• [Exercise prompt]
Work through the records that follow and return each line containing the word "rule".

[Stored data]
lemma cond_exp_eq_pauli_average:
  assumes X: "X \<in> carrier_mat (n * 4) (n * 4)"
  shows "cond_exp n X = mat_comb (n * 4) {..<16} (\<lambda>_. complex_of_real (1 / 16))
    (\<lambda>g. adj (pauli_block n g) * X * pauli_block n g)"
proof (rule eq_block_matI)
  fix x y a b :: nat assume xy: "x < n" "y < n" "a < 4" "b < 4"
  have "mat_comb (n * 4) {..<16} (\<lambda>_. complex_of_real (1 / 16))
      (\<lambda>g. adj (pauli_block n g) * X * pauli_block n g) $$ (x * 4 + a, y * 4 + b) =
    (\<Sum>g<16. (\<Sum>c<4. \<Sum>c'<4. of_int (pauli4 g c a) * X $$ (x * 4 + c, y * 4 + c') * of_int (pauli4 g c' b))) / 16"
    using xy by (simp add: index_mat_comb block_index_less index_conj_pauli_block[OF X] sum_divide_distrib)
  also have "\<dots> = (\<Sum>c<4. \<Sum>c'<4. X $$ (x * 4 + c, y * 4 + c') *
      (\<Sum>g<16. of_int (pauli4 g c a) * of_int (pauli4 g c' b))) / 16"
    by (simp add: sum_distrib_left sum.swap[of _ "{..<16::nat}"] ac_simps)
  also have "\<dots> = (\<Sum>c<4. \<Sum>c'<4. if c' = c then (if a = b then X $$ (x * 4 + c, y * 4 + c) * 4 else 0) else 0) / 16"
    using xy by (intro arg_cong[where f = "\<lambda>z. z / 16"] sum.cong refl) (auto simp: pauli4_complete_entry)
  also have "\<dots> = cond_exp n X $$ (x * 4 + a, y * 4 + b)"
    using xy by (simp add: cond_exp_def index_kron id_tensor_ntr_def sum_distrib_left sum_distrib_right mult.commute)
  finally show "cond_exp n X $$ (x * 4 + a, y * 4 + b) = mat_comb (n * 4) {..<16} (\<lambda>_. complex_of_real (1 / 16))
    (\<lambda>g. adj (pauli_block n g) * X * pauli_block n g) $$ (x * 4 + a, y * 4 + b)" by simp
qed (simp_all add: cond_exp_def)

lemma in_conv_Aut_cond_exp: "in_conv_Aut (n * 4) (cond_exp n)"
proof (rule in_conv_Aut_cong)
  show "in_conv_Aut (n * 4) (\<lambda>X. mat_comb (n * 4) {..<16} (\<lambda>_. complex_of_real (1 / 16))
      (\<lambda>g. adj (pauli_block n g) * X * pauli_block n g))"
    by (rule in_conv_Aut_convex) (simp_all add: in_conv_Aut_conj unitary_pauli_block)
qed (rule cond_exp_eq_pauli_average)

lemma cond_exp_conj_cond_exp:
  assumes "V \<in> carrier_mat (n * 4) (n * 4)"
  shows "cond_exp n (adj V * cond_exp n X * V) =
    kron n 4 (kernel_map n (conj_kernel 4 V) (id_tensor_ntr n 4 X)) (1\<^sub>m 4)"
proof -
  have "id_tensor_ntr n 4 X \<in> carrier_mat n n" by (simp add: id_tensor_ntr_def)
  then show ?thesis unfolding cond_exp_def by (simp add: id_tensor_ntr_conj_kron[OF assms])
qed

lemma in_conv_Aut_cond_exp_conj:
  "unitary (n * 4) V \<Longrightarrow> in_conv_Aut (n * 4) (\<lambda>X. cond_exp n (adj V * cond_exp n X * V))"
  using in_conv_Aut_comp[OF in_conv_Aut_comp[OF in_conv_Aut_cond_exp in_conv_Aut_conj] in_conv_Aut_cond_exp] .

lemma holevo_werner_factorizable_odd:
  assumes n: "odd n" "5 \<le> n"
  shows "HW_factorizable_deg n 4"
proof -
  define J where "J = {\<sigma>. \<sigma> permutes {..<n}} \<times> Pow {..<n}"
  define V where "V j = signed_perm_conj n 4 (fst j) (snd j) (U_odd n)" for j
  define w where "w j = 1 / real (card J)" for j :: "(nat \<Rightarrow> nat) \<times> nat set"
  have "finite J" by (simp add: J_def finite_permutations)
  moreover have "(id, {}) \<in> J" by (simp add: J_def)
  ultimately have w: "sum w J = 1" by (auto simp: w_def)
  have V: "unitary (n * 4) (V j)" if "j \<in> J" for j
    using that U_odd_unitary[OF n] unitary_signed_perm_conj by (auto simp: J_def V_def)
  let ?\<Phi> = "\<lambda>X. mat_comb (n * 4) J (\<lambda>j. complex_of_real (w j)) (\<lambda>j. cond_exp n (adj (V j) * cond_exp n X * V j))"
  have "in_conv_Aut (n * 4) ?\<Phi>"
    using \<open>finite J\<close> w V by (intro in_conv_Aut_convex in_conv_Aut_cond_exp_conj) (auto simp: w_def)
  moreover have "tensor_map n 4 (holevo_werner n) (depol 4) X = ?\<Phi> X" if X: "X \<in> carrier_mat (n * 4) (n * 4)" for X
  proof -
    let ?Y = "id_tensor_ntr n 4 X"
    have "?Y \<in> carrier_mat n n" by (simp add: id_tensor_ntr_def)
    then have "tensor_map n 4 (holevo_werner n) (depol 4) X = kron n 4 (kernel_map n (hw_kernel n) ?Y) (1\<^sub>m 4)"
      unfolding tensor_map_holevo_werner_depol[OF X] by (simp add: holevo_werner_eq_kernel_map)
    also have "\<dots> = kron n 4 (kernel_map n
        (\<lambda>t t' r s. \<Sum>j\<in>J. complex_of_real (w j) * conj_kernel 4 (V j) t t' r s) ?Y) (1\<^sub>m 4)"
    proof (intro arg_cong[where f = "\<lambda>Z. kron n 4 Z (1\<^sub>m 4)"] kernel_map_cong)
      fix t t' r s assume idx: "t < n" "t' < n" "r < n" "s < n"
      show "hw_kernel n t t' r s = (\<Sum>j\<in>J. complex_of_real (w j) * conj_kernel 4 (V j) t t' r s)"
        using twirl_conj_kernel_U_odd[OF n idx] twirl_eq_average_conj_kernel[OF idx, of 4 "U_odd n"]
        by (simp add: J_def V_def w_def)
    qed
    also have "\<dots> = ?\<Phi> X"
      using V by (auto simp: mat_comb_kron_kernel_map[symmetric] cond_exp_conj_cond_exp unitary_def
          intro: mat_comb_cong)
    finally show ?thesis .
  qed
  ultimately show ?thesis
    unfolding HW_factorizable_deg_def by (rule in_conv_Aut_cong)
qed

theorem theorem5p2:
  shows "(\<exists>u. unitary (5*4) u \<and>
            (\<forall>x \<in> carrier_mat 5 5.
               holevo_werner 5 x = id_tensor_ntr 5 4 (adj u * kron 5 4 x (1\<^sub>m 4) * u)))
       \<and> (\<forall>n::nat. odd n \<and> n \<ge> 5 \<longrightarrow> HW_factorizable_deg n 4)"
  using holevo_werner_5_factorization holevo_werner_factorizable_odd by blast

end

• [Solved problem]
proof (rule eq_block_matI)
proof (rule in_conv_Aut_cong)
    by (rule in_conv_Aut_convex) (simp_all add: in_conv_Aut_conj unitary_pauli_block)
qed (rule cond_exp_eq_pauli_average)
    unfolding HW_factorizable_deg_def by (rule in_conv_Aut_cong)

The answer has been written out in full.